Ahhhh, l’air frais printanier ! Après tant de jours insipides, cloîtrée dans une salle miteuse où régnait l’odeur douceâtre de la moisissure et du renfermement, Harley respirait. Les secondes, minutes et heures s’étaient égrainées au rythme des injections journalières et des thérapies soporifiques, plongeant la patiente dans une routine comateuse et insupportable ; à tel point que, noyée dans le brouillard médicamenteux, Harleen avait cessé de se manifester depuis leur dernière conversation. Grand bien lui fasse ! L’ex psychiatre avait été longtemps turlupinée par son altercation avec cette hallucination, mais il faut bien avouer qu’elle avait  au moins eu le mérite de réveiller en elle une étincelle. Celle-ci attendait la moindre occasion, le moindre dérapage pour enflammer l’asile, et tel un incendie indomptable, se propager à la ville entière.

Hélas, la seule chose qui se propageait actuellement à Arkham, c’était cette épidémie de gastroentérite. Je savais que ce gratin n’était pas fiable !



Taquiner les infirmières, mener les psychiatres en bourrique, c’était drôle au début, mais ensuite, lorsque l’on a épuisé son stock de farces et autres polichinelleries ? Quel ennui ! Du coup, changement de stratégie ! Autant jouer les petits angelots et les amadouer ! Et ses talents de comédienne avaient fini par payer –ou du moins, elle pouvait désormais se dégourdir les jambes dans les jardins d’Elizabeth Arkham.




Elle pouvait voir les bourgeons qui verdissaient au creux des arbres, résistant vaillamment contre l’haleine froide Gotham. Les buissons avaient été taillés et paraissaient aussi dociles que des élèves un jour de rentrée ; d’autres, au contraire, s’épanouissaient naturellement et ne semblaient guère craindre sécateurs et autres instruments de torture.  La blonde arlequine, qui déambulait à la manière d’une enfant que l’on amenait au parc, se préoccupait à peine des agents de sécurité qui la surveillaient de près. Faisant fi du panneau d’interdiction, elle se jeta dans l’herbe fraîche et boueuse, encore perlée de gouttes de pluie, et inspira un grand coup. Tout sourire, la blonde s'exclama joyeusement :




- Rien ne vaut l’odeur de l'herbe mouillée au petit matin, pas vrai les gars ?

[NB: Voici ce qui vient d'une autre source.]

lemma AE_ex_adjacent_traps:
  fixes X :: "int + 'j \<Rightarrow> 'a \<Rightarrow> real"
  assumes indep: "indep_vars (\<lambda>_. borel) X UNIV"
    and dist: "\<And>x. distributed M lborel (X (Inl x)) (\<lambda>t. ennreal (f t))"
    and pos: "\<And>t. t \<in> {-c<..<c} \<Longrightarrow> 0 < f t" and "0 < c" "a < c"
  shows "AE \<omega> in M. \<exists>x::nat. a < X (Inl (int x)) \<omega> \<and> X (Inl (int x + 1)) \<omega> < - a"
proof -
  let ?D = "density lborel (\<lambda>t. ennreal (f t))"
  have D_pos: "0 < measure ?D A"
    if "u < v" "{u<..<v} \<subseteq> {-c<..<c}" "{u<..<v} \<subseteq> A" "A \<in> sets borel" for u v A
  proof -
    have "0 < prob (X (Inl 0) -` A \<inter> space M)"
      using that pos by (intro prob_distributed_pos[OF dist]) auto
    then show ?thesis by (simp add: prob_distributed[OF dist that(4)])
  qed
  define b where "b = max a 0"
  have "0 < measure ?D {a<..}"
    using \<open>a < c\<close> \<open>0 < c\<close> by (intro D_pos[of b c]) (auto simp: b_def)
  moreover have "0 < measure ?D {..<-a}"
    using \<open>a < c\<close> \<open>0 < c\<close> by (intro D_pos[of "-c" "-b"]) (auto simp: b_def)
  moreover have "inj (\<lambda>k. Inl (int (2 * k)) :: int + 'j)"
    and "inj (\<lambda>k. Inl (int (2 * k) + 1) :: int + 'j)"
    and "range (\<lambda>k. Inl (int (2 * k)) :: int + 'j) \<inter> range (\<lambda>k. Inl (int (2 * k) + 1)) = {}"
    by (auto simp: inj_def) presburger
  ultimately have "AE \<omega> in M. \<exists>k::nat.
      X (Inl (int (2 * k))) \<omega> \<in> {a<..} \<and> X (Inl (int (2 * k) + 1)) \<omega> \<in> {..<-a}"
    by (intro AE_ex_pair_in[OF indep, where s = "measure ?D {a<..}" and t = "measure ?D {..<-a}"])
       (simp_all add: prob_distributed[OF dist])
  then show ?thesis
  proof (rule AE_mp[OF _ AE_I2], intro impI)
    fix \<omega> assume "\<exists>k::nat. X (Inl (int (2 * k))) \<omega> \<in> {a<..} \<and> X (Inl (int (2 * k) + 1)) \<omega> \<in> {..<-a}"
    then obtain k :: nat where "a < X (Inl (int (2 * k))) \<omega>" "X (Inl (int (2 * k) + 1)) \<omega> < - a"
      by auto
    then show "\<exists>x::nat. a < X (Inl (int x)) \<omega> \<and> X (Inl (int x + 1)) \<omega> < - a" by blast
  qed
qed

lemma shape_fun_eqI:
  assumes "AE \<omega> in M. (\<lambda>n. min_action B F \<omega> n (round0 (\<alpha> * real n)) / real n) \<longlonglongrightarrow> - L"
  shows "shape_fun M B F \<alpha> = L"
  unfolding shape_fun_def
proof (rule the_equality)
  fix L' assume "AE \<omega> in M. (\<lambda>n. min_action B F \<omega> n (round0 (\<alpha> * real n)) / real n) \<longlonglongrightarrow> - L'"
  with assms have "AE \<omega> in M. - L' = - L"
    by eventually_elim (rule LIMSEQ_unique)
  then show "L' = L" by simp
qed (fact assms)

end

theorem lemma3p5:
  fixes M :: "'a measure" and B F :: "int \<Rightarrow> 'a \<Rightarrow> real"
    and \<rho> :: "real \<Rightarrow> real" and c q \<kappa> :: real
  assumes "prob_space M"
    and "c > 0" and "q > 0" and "\<kappa> > -1"
    and "\<And>x. F x \<in> borel_measurable M"
    and "\<And>i. B i \<in> borel_measurable M"
    and "prob_space.indep_vars M (\<lambda>_. borel)
           (\<lambda>j. case j of Inl x \<Rightarrow> F x | Inr i \<Rightarrow> B i) (UNIV :: (int + int) set)"
    and "\<And>i. measure M {\<omega> \<in> space M. B i \<omega> = 1} = 1/2"
    and "\<And>i. measure M {\<omega> \<in> space M. B i \<omega> = -1} = 1/2"
    and "\<And>x. distributed M lborel (F x) (\<lambda>t. ennreal (\<rho> t))"
    and "\<And>t. \<rho> (- t) = \<rho> t"
    and "continuous_on {-c<..<c} \<rho>"
    and "\<And>t. t \<in> {-c<..<c} \<Longrightarrow> \<rho> t > 0"
    and "\<And>t. t \<notin> {-c<..<c} \<Longrightarrow> \<rho> t = 0"
    and "((\<lambda>t. \<rho> t / \<bar>c - t\<bar> powr \<kappa>) \<longlongrightarrow> q) (at_left c)"
  shows "(AE \<omega> in M. (\<lambda>n. min_action B F \<omega> n 0 / real n) \<longlonglongrightarrow> - c)
         \<and> shape_fun M B F 0 = c"
proof -
  interpret prob_space M by (rule assms(1))
  have F_bound: "AE \<omega> in M. \<forall>x. \<bar>F x \<omega>\<bar> \<le> c"
  proof (subst AE_all_countable, intro allI)
    fix x
    have "AE \<omega> in M. F x \<omega> \<in> {-c<..<c}"
      by (rule AE_distributed_in[OF assms(10)[of x]]) (rule assms(14))
    then show "AE \<omega> in M. \<bar>F x \<omega>\<bar> \<le> c" by eventually_elim auto
  qed
  have B_sign: "AE \<omega> in M. \<forall>i. B i \<omega> = 1 \<or> B i \<omega> = -1"
    by (subst AE_all_countable, intro allI AE_eq_or_eq) (simp_all add: assms(6,8,9))
  have traps_at: "AE \<omega> in M. \<exists>x::nat. a < F (int x) \<omega> \<and> F (int x + 1) \<omega> < - a"
    if "a < c" for a
    using AE_ex_adjacent_traps[OF assms(7), where f = \<rho> and c = c and a = a] assms(2,10,13) that
    by simp
  have traps: "AE \<omega> in M. \<forall>a < c. \<exists>x::nat. a < F (int x) \<omega> \<and> F (int x + 1) \<omega> < - a"
  proof (rule AE_all_less_of_antimono[OF traps_at])
    fix a b \<omega> assume "a \<le> b" "\<exists>x::nat. b < F (int x) \<omega> \<and> F (int x + 1) \<omega> < - b"
    then show "\<exists>x::nat. a < F (int x) \<omega> \<and> F (int x + 1) \<omega> < - a"
      by (meson le_less_trans less_le_trans neg_le_iff_le)
  qed
  have limit: "AE \<omega> in M. (\<lambda>n. min_action B F \<omega> n 0 / real n) \<longlonglongrightarrow> - c"
    using F_bound B_sign traps
    by eventually_elim (intro min_action_tendsto_neg_bound[OF assms(2)], auto)
  moreover have "shape_fun M B F 0 = c"
    using limit by (intro shape_fun_eqI) (simp add: round0_def)
  ultimately show ?thesis by simp
qed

- Mademoiselle Quinzel, il est interdit de se rouler dans la pelouse du jardin. Veuill-



- Oh là là, c’est bon, j’ai compris ! bougonna la jeune femme. Vous alors, vous avez vraiment perdu votre âme d’enfant !



La mine boudeuse, Harley se redressa péniblement en s’époussetant. Son dos était trempé, et son uniforme, jadis d'un orange absolument immonde, demeurait encrassé par la terre et les pigments végétaux. Tant mieux ! J’aurais au moins apporté ma petite touche personnelle, héhé ! Elle balaya du regard le paysage filtré par la lumière timorée du soleil avant de se laisser tomber lourdement sur le premier banc qui s’offrait à elle. Elle soupira. Voilà que cette promenade lui donnait le cafard ! La faute à qui ? Toute cette verdure, cette végétation luxuriante et soigneusement entretenue –d’ailleurs c’était peut-être même le seul endroit auquel on apportait autant de soins, à l’exception de la cafétéria des psy !- ne faisait que lui rappeler sa grande copine, sa rouquine préférée : Ivy ! Que n’auraient-elles pas fait dans ce jardin, à commencer par mettre six pieds sous terre ces gorilles de la sécurité ! La rocambolesque patiente avait parfaitement conscience de l’aversion que  sa meilleure amie portait envers Arkham et ses cellules confinées. Privée de lumière, d’air frais et d’une alimentation correcte,  comment une jolie plante comme elle pourrait se développer en milieu si hostile ? Il lui fallait un palais chlorophyllien, un luxe vert face auquel le jardin d’Elizabeth Arkham paraitrait bien dérisoire. Ah Red…. Si seulement tu étais là !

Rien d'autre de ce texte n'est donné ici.